[Start of section]

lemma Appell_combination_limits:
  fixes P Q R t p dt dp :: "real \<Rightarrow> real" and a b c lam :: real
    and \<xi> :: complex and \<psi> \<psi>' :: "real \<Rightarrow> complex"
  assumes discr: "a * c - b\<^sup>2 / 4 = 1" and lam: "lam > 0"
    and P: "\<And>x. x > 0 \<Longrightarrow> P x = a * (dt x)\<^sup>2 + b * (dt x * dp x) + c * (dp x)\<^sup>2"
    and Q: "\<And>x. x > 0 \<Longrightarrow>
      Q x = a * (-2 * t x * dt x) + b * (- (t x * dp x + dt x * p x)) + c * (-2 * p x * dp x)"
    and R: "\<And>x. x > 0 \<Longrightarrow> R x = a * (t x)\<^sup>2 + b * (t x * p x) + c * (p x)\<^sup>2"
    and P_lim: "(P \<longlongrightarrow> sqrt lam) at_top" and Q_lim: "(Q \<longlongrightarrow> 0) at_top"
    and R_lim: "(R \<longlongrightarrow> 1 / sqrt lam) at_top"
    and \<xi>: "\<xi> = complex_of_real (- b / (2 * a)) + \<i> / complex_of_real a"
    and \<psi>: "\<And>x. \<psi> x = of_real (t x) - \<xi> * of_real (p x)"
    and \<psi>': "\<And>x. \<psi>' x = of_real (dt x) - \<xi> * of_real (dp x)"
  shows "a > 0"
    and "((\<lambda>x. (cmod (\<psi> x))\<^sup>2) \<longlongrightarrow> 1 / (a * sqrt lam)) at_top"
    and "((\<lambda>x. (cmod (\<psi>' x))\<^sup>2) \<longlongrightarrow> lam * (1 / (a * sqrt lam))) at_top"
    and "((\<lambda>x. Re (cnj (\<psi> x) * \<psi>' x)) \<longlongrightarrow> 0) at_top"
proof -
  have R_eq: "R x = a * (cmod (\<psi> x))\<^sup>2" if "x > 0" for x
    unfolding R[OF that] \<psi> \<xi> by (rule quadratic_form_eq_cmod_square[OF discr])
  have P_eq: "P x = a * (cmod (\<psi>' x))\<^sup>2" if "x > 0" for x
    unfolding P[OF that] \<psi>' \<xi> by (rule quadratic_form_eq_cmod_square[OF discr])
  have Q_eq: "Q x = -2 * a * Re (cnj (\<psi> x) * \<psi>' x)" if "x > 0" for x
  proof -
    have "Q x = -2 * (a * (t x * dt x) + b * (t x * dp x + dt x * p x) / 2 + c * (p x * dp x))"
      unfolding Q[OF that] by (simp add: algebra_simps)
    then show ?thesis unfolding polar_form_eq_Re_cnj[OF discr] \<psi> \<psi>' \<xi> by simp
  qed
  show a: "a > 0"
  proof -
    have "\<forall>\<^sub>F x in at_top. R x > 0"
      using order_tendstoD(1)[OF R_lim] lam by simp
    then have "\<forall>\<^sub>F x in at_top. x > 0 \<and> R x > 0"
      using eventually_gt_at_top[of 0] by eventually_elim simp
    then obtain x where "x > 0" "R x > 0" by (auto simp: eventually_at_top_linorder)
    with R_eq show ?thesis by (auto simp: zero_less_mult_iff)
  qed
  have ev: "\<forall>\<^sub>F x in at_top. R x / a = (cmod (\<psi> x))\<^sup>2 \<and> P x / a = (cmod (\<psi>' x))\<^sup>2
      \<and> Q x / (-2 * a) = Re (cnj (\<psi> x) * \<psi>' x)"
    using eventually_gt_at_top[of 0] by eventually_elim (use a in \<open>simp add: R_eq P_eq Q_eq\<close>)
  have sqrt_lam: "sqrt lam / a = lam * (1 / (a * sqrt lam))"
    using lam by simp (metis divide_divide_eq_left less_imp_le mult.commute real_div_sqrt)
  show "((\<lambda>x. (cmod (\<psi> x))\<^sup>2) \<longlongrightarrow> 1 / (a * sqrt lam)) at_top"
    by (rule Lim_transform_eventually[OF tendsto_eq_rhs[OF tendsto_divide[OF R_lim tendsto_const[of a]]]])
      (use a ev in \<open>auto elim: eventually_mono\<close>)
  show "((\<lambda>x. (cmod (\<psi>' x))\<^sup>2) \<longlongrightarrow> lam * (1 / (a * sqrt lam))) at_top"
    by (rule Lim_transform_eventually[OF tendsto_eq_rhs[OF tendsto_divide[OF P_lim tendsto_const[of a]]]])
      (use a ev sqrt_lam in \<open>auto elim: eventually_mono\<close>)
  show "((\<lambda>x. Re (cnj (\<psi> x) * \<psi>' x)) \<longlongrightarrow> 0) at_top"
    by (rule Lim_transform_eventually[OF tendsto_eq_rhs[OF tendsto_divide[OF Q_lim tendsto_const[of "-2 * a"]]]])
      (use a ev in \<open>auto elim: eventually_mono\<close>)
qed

[End of section]

Your answer must consist solely of the lines above between the line holding "unfolding Q[OF that]" and the line holding "in at_top. x", inclusive, copied exactly.

      unfolding Q[OF that] by (simp add: algebra_simps)
    then show ?thesis unfolding polar_form_eq_Re_cnj[OF discr] \<psi> \<psi>' \<xi> by simp
  qed
  show a: "a > 0"
  proof -
    have "\<forall>\<^sub>F x in at_top. R x > 0"
      using order_tendstoD(1)[OF R_lim] lam by simp
    then have "\<forall>\<^sub>F x in at_top. x > 0 \<and> R x > 0"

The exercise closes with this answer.